Biao Yaning, Chen Jian, Liu Chenxu, Wang Ruilong, Han Xue, Li Li, Zhang Yixin
School of Basic Medicine, Hebei University of Chinese Medicine, Shijiazhuang, China.
International Joint Research Center on Resource Utilization and Quality Evaluation of Traditional Chinese Medicine of Hebei Province, Shijiazhuang, China.
Front Pharmacol. 2022 Jun 21;13:877924. doi: 10.3389/fphar.2022.877924. eCollection 2022.
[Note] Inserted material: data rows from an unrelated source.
(* Let $\mathcal K$ be a quantum channel on $n\times n$ matrices described by Kraus operators $K_1,\dots,K_d\in\mathbb C^{n\times n}$ (with $\mathcal K(\rho)=\sum_j K_j\rho K_j^\dagger$, $\sum_j K_j^\dagger K_j=I_n$) such that $K_1=\alpha I_n$ for some $\alpha\in\mathbb C$ and $\mathrm{Tr}(K_j)=0$ for $j=2,\dots,d$. Then $\lVert\mathcal K\rVert=\cos^{-1}\lvert\alpha\rvert$, with $\cos^{-1}$ taking values in $[0,\pi]$.
   Context: For a unitary matrix $U$ of size $r$ with eigenvalues $e^{i\theta_j}$, $\theta_j\in(-\pi,\pi]$, its time-energy cost is $\lVert U\rVert=\max_{1\le j\le r}|\theta_j|$. For a quantum channel $\mathcal K$ acting on an $n$-dimensional system $A$, its time-energy cost is $\lVert\mathcal K\rVert=\inf_U\lVert U\rVert$, where the infimum is over all finite-dimensional ancilla systems $B$ with a fixed standard state $|0\rangle_B$ and all unitaries $U_{BA}$ on $B\otimes A$ such that $\mathcal K(\rho)=\mathrm{Tr}_B[U_{BA}(|0\rangle_B\langle 0|\otimes\rho_A)U_{BA}^\dagger]$ for all density matrices $\rho$ on $A$. *)

theory Defs
  imports "HOL-Analysis.Complex_Transcendental" "Jordan_Normal_Form.Schur_Decomposition"
begin

text \<open>An ancilla system B of dimension m and the system A of dimension n
  are combined into B \<otimes> A of dimension m*n, where the basis vector |b> \<otimes> |a>
  has index b*n + a. The standard ancilla state |0>_B is the first basis vector.\<close>

definition unitary_mat :: "nat \<Rightarrow> complex mat \<Rightarrow> bool" where
  "unitary_mat r U \<longleftrightarrow> U \<in> carrier_mat r r \<and> U * mat_adjoint U = 1\<^sub>m r \<and> mat_adjoint U * U = 1\<^sub>m r"

text \<open>Time-energy cost of a unitary: max |theta_j| over eigenvalues e^(i theta_j),
  theta_j in (-pi, pi] (this is exactly the range of Arg).\<close>
definition unitary_cost :: "complex mat \<Rightarrow> real" where
  "unitary_cost U = Max {\<bar>Arg z\<bar> | z. eigenvalue U z}"

definition mat_trace :: "complex mat \<Rightarrow> complex" where
  "mat_trace A = (\<Sum>i<dim_row A. A $$ (i, i))"

definition density_mat :: "nat \<Rightarrow> complex mat \<Rightarrow> bool" where
  "density_mat n \<rho> \<longleftrightarrow> \<rho> \<in> carrier_mat n n \<and> mat_trace \<rho> = 1 \<and>
     (\<forall>v \<in> carrier_vec n. let z = conjugate v \<bullet> (\<rho> *\<^sub>v v) in Im z = 0 \<and> Re z \<ge> 0)"

text \<open>|0><0|_B \<otimes> \<rho>_A, with dim B = m.\<close>
definition anc_state :: "nat \<Rightarrow> nat \<Rightarrow> complex mat \<Rightarrow> complex mat" where
  "anc_state m n \<rho> = mat (m * n) (m * n)
     (\<lambda>(i, j). if i < n \<and> j < n then \<rho> $$ (i, j) else 0)"

definition ptrace_B :: "nat \<Rightarrow> nat \<Rightarrow> complex mat \<Rightarrow> complex mat" where
  "ptrace_B m n X = mat n n (\<lambda>(a, a'). \<Sum>b<m. X $$ (b * n + a, b * n + a'))"

definition channel_cost :: "nat \<Rightarrow> (complex mat \<Rightarrow> complex mat) \<Rightarrow> real" where
  "channel_cost n \<Phi> = Inf {unitary_cost U | U m. m \<ge> 1 \<and> unitary_mat (m * n) U \<and>
     (\<forall>\<rho>. density_mat n \<rho> \<longrightarrow>
        \<Phi> \<rho> = ptrace_B m n (U * anc_state m n \<rho> * mat_adjoint U))}"

definition kraus_channel :: "nat \<Rightarrow> nat \<Rightarrow> (nat \<Rightarrow> complex mat) \<Rightarrow> complex mat \<Rightarrow> complex mat" where
  "kraus_channel n d K \<rho> = mat n n (\<lambda>(i, k). \<Sum>j<d. (K j * \<rho> * mat_adjoint (K j)) $$ (i, k))"

end

theory Submission
  imports Defs "Jordan_Normal_Form.Spectral_Radius"
begin

text \<open>The blocks \<open>U\<^sub>b\<close> of the first block column of a dilation U form a second Kraus
  representation of the channel, so testing on pure states and polarizing gives
  \<open>\<Sum>\<^sub>b |tr U\<^sub>b|\<^sup>2 = \<Sum>\<^sub>j |tr K\<^sub>j|\<^sup>2 = n\<^sup>2 |\<alpha>|\<^sup>2\<close>, hence \<open>|tr U\<^sub>0| \<le> n |\<alpha>|\<close>. All eigenvalues of U lie on the
  arc \<open>|arg z| \<le> t\<close>, t the cost of U, so by a Schur-type deflation the numerical range of U lies in
  \<open>Re z \<ge> cos t\<close>; applied to the diagonal of \<open>U\<^sub>0\<close> this gives \<open>n cos t \<le> n |\<alpha>|\<close>, i.e.
  \<open>t \<ge> arccos |\<alpha>|\<close>.

  An explicit dilation of the form \<open>|\<alpha>| I + Z\<close> with Z skew-Hermitian and
  \<open>Z\<^sup>2 = (|\<alpha>|\<^sup>2 - 1) I\<close> has spectrum \<open>exp (\<plusminus> i arccos |\<alpha>|)\<close>.\<close>

lemma dim_row_mat_adjoint [simp]: "dim_row (mat_adjoint A) = dim_col A"
  and dim_col_mat_adjoint [simp]: "dim_col (mat_adjoint A) = dim_row A"
  by (auto simp: mat_adjoint_def)

lemma index_mat_adjoint [simp]:
  "i < dim_col A \<Longrightarrow> j < dim_row A \<Longrightarrow> mat_adjoint A $$ (i,j) = cnj (A $$ (j,i))"
  by (auto simp: mat_adjoint_def mat_of_rows_def)

lemma mat_adjoint_carrier: "A \<in> carrier_mat r c \<Longrightarrow> mat_adjoint A \<in> carrier_mat c r"
  by (intro carrier_matI) auto

lemma index_adjoint_mult_mat:
  assumes "A \<in> carrier_mat r c" "B \<in> carrier_mat r c'" "i < c" "j < c'"
  shows "(mat_adjoint A * B) $$ (i,j) = (\<Sum>k<r. cnj (A $$ (k,i)) * B $$ (k,j))"
  using assms by (auto simp: scalar_prod_def atLeast0LessThan intro!: sum.cong)

lemma index_mult_mat_adjoint:
  assumes "A \<in> carrier_mat r c" "B \<in> carrier_mat r' c" "i < r" "j < r'"
  shows "(A * mat_adjoint B) $$ (i,j) = (\<Sum>k<c. A $$ (i,k) * cnj (B $$ (j,k)))"
  using assms by (auto simp: scalar_prod_def atLeast0LessThan intro!: sum.cong)

lemma index_mult_mat3:
  assumes "A \<in> carrier_mat r s" "B \<in> carrier_mat s t" "C \<in> carrier_mat t u" "i < r" "j < u"
  shows "(A * B * C) $$ (i,j) = (\<Sum>k<t. \<Sum>l<s. A $$ (i,l) * B $$ (l,k) * C $$ (k,j))"
  using assms
  by (auto simp: scalar_prod_def sum_distrib_right atLeast0LessThan simp del: assoc_mult_mat
      intro!: sum.cong)

lemma mult_delta_left: "(if P then 1 else 0) * (x::'a::semiring_1) = (if P then x else 0)"
  and mult_delta_right: "x * (if P then 1 else 0) = (if P then x else 0)"
  by simp_all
Lipid metabolism disorders are a prominent characteristic in the pathological development of non-alcoholic fatty liver disease (NAFLD). decoction (DZD) is a Chinese herbal medicine that is based on decoction and has an effect of regulating lipid mechanism. However, the anti-NAFLD effect and mechanism of DZD remain unclear. In this study, we observed the therapeutic effect of DZD on NAFLD rats and investigated its possible mechanisms. Sixty Sprague Dawley rats were randomly assigned to six groups: control group, model group, (polyene phosphatidylcholine) group, and low, medium and high-dose DZD groups. High-fat diet (HFD) was fed to the rats to establish an NAFLD model, and each treatment group was given corresponding drugs at the same time for eight consecutive weeks. The results revealed that the obvious lipid metabolism disorder and liver injury induced by HFD were alleviated by treatment with DZD, which was verified by decreased serum TC, TG, ALT, AST, liver TC, TG, and FFA, as well as the alleviation of hepatic steatosis. The production of ROS in rats was reduced after treatment with DZD. The SOD activity and GSH content were increased with DZD treatment, while the MDA level was decreased. The administration of DZD could decrease serum IL-1β and IL-18 contents. Moreover, DZD upregulated the expressions of Nrf2, HO-1, GCLC, and GCLM, while it suppressed the expressions of NLRP3, caspase-1, GSDMD, and GSDMD-N. In conclusion, the data showed that DZD can reduce lipid accumulation, alleviate oxidative stress and inflammation, and inhibit pyroptosis in NAFLD rats, which might be ascribed to suppression of the ROS/NLRP3/IL-1β signaling pathway by activation of Nrf2. Overall, these results indicated that DZD is expected to be a therapeutic drug for NAFLD.
脂质代谢紊乱是非酒精性脂肪性肝病(NAFLD)病理发展过程中的一个突出特征。[具体方剂名称]汤(DZD)是一种基于[基础方剂名称]汤的中药方剂,具有调节脂质代谢机制的作用。然而,DZD抗NAFLD的作用及机制尚不清楚。在本研究中,我们观察了DZD对NAFLD大鼠的治疗效果,并探讨了其可能的机制。将60只Sprague Dawley大鼠随机分为6组:对照组、模型组、[多烯磷脂酰胆碱]组以及低、中、高剂量DZD组。给大鼠喂食高脂饮食(HFD)以建立NAFLD模型,各治疗组同时给予相应药物,连续给药8周。结果显示,DZD治疗可减轻HFD诱导的明显脂质代谢紊乱和肝损伤,这通过血清总胆固醇(TC)、甘油三酯(TG)、谷丙转氨酶(ALT)、谷草转氨酶(AST)、肝脏TC、TG和游离脂肪酸(FFA)的降低以及肝脂肪变性的减轻得到证实。DZD治疗后大鼠体内活性氧(ROS)的产生减少。DZD治疗可使超氧化物歧化酶(SOD)活性和谷胱甘肽(GSH)含量升高,同时丙二醛(MDA)水平降低。给予DZD可降低血清白细胞介素-1β(IL-1β)和白细胞介素-18(IL-18)含量。此外,DZD上调核因子E2相关因子2(Nrf2)、血红素加氧酶-1(HO-1)、谷氨酸-半胱氨酸连接酶催化亚基(GCLC)和谷氨酸-半胱氨酸连接酶调节亚基(GCLM)的表达,同时抑制NLR家族含pyrin结构域蛋白3(NLRP3)、半胱天冬酶-1(caspase-1)、gasdermin D(GSDMD)和GSDMD-N的表达。总之,数据表明DZD可减少NAFLD大鼠的脂质蓄积,减轻氧化应激和炎症反应,并抑制细胞焦亡,这可能归因于通过激活Nrf2抑制ROS/NLRP3/IL-1β信号通路。总体而言,这些结果表明DZD有望成为治疗NAFLD的药物。